* _Collected data_:
━━━━━━━━

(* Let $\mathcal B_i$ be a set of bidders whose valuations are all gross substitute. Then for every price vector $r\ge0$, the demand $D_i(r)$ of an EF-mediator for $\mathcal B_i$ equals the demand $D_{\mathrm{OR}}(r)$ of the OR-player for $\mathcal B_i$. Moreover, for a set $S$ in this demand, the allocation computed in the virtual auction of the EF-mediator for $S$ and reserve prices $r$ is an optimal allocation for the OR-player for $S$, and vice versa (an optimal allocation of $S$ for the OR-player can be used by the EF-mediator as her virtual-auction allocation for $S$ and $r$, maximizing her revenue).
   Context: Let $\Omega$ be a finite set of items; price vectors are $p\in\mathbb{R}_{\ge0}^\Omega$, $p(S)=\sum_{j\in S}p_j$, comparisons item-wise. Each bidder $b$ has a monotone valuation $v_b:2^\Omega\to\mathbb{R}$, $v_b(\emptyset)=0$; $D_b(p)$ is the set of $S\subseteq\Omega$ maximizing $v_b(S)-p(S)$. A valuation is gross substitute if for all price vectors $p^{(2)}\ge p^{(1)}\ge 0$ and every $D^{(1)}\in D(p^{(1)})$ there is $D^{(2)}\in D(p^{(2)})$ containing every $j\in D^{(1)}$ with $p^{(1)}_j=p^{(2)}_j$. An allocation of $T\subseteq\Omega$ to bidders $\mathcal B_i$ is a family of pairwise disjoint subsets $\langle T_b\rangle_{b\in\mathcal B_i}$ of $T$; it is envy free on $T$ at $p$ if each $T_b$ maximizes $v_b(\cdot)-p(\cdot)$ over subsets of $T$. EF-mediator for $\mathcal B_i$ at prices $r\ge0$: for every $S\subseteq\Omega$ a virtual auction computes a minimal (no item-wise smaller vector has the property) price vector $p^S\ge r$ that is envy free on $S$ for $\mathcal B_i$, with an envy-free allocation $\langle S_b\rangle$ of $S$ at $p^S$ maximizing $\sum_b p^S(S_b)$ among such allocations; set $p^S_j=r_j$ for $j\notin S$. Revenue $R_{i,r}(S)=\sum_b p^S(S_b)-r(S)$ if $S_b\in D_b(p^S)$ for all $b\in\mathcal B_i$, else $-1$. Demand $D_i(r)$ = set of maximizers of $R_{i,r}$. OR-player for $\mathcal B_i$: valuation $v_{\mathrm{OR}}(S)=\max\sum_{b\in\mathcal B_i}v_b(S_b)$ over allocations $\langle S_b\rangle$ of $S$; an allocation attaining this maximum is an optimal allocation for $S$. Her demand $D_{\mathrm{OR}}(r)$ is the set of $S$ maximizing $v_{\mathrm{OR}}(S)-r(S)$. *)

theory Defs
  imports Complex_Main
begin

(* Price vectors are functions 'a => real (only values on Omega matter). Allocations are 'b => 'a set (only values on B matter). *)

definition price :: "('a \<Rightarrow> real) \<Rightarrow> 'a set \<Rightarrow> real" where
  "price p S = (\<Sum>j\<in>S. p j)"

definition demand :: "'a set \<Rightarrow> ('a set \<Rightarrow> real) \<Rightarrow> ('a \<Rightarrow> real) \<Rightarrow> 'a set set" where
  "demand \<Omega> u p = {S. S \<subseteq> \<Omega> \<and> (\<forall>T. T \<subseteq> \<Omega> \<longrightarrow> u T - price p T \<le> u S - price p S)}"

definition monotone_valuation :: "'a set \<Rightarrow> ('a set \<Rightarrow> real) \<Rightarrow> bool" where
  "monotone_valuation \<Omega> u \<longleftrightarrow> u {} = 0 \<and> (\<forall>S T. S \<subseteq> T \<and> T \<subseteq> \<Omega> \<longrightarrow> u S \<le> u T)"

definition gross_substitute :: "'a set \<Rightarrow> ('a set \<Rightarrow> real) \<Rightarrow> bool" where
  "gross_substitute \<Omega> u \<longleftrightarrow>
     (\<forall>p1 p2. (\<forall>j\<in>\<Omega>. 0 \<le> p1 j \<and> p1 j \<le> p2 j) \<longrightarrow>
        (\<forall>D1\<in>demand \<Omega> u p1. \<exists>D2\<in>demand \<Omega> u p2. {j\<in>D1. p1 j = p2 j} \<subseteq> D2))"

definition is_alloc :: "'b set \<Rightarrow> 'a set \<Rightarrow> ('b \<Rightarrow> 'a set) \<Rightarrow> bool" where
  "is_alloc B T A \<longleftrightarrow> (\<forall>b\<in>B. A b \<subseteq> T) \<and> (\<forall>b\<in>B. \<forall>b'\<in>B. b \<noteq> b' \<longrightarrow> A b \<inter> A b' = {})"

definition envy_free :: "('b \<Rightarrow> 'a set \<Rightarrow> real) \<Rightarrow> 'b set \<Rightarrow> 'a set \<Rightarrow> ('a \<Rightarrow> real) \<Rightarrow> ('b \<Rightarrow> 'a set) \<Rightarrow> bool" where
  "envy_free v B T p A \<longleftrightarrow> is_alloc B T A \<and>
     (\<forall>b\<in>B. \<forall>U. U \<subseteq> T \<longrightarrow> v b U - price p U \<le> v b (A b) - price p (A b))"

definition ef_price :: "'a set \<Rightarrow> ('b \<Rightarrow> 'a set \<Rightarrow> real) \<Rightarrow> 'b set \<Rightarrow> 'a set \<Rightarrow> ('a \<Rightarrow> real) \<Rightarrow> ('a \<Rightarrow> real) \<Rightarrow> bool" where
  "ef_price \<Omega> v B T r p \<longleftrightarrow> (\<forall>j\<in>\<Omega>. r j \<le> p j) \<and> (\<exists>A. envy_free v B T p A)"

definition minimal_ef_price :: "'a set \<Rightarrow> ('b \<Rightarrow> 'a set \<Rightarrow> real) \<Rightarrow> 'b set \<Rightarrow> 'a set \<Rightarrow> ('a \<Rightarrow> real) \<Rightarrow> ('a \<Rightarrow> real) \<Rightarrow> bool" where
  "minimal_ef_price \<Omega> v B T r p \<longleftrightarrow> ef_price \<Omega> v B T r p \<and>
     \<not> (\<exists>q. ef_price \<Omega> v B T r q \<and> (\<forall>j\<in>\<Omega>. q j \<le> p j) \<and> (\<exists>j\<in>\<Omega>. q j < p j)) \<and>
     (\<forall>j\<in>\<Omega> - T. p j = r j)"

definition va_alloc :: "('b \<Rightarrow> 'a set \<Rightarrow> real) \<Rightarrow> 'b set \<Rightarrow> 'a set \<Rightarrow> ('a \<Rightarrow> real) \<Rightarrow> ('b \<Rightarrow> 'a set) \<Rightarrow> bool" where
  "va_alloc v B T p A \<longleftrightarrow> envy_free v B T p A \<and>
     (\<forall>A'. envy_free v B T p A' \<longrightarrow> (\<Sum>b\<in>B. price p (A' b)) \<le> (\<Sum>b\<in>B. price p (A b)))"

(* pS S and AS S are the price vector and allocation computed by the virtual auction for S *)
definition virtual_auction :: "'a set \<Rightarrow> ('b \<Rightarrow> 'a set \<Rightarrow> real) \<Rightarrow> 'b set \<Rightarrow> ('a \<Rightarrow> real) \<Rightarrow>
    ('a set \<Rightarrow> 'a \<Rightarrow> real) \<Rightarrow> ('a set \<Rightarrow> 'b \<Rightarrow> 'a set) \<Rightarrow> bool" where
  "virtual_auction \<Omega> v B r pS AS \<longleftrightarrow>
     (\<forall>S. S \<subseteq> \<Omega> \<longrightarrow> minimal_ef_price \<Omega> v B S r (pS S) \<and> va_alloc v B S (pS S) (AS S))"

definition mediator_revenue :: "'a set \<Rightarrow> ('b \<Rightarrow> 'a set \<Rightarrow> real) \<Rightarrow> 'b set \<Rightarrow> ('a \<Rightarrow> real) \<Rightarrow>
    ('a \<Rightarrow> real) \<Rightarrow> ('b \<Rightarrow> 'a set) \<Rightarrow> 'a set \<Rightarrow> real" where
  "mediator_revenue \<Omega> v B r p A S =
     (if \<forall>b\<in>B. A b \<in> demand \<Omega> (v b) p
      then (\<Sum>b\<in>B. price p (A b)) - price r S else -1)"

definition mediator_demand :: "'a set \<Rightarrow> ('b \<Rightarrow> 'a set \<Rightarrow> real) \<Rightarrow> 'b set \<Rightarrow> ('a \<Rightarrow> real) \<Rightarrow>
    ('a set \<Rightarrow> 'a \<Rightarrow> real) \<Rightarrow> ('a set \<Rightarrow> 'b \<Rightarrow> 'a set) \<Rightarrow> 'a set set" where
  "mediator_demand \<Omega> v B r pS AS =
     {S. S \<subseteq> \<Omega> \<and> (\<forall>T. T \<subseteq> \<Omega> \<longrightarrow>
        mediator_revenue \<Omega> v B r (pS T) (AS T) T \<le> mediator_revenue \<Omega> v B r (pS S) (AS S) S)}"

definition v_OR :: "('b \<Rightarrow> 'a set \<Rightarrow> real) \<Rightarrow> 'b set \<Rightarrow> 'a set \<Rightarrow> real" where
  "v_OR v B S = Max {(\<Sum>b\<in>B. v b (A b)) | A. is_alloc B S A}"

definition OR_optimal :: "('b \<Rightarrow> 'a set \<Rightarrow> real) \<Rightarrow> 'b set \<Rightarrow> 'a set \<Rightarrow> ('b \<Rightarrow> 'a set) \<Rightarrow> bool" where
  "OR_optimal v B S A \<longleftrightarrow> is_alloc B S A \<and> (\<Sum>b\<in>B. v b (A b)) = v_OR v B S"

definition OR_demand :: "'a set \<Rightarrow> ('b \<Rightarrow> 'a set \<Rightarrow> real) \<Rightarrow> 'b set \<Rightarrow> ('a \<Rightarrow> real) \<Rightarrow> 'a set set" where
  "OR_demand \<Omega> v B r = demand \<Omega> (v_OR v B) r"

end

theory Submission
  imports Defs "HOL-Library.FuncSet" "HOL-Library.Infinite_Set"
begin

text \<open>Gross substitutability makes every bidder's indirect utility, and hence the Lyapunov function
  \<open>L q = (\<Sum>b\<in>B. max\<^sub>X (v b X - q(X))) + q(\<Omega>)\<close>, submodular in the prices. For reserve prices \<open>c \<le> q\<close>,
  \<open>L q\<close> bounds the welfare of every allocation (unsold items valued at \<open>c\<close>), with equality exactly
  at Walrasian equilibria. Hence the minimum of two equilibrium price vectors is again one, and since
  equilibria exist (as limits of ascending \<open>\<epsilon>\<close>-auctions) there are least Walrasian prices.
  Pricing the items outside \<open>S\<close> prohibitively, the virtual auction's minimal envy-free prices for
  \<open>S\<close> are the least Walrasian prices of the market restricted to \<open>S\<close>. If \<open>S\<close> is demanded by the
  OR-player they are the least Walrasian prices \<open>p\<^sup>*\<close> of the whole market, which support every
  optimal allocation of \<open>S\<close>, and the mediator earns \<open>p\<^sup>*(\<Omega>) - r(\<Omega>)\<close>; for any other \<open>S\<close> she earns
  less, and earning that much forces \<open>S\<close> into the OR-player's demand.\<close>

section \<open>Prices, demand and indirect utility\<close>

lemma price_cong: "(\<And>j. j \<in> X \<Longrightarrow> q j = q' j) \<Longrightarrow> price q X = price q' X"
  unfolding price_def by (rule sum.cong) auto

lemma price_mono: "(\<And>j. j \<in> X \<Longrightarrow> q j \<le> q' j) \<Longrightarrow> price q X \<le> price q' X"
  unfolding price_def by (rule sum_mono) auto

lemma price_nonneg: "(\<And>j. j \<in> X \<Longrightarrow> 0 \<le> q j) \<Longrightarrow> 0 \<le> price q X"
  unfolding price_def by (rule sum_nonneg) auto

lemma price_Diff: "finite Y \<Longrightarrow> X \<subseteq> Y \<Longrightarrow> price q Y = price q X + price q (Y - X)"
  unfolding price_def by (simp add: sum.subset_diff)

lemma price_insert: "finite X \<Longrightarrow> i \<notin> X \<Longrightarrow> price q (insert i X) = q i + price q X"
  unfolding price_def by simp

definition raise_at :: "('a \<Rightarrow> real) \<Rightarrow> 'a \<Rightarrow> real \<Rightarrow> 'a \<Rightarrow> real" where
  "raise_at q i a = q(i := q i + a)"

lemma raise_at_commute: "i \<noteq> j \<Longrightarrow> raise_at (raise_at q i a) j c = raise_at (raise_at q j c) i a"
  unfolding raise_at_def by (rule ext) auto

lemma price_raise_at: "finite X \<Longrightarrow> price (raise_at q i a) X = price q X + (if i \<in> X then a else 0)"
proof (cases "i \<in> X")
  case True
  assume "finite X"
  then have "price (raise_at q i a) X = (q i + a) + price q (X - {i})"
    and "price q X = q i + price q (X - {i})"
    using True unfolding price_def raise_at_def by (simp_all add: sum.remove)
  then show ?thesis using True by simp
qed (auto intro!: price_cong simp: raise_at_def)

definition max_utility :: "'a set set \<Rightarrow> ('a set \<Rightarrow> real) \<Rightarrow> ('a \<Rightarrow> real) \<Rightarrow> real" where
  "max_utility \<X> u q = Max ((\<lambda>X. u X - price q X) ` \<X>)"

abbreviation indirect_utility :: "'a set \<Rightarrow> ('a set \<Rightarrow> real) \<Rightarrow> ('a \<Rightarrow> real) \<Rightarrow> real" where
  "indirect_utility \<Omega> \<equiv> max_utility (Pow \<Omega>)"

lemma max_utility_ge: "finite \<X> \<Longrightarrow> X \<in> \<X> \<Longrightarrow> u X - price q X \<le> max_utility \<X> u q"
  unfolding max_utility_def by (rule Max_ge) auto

━━━━━━━━

* _TASK GOAL_: Look above for lines with the word "exists" and copy them all.

* _ANSWER FOR THIS EXERCISE_:
        (\<forall>D1\<in>demand \<Omega> u p1. \<exists>D2\<in>demand \<Omega> u p2. {j\<in>D1. p1 j = p2 j} \<subseteq> D2))"
  "ef_price \<Omega> v B T r p \<longleftrightarrow> (\<forall>j\<in>\<Omega>. r j \<le> p j) \<and> (\<exists>A. envy_free v B T p A)"
     \<not> (\<exists>q. ef_price \<Omega> v B T r q \<and> (\<forall>j\<in>\<Omega>. q j \<le> p j) \<and> (\<exists>j\<in>\<Omega>. q j < p j)) \<and>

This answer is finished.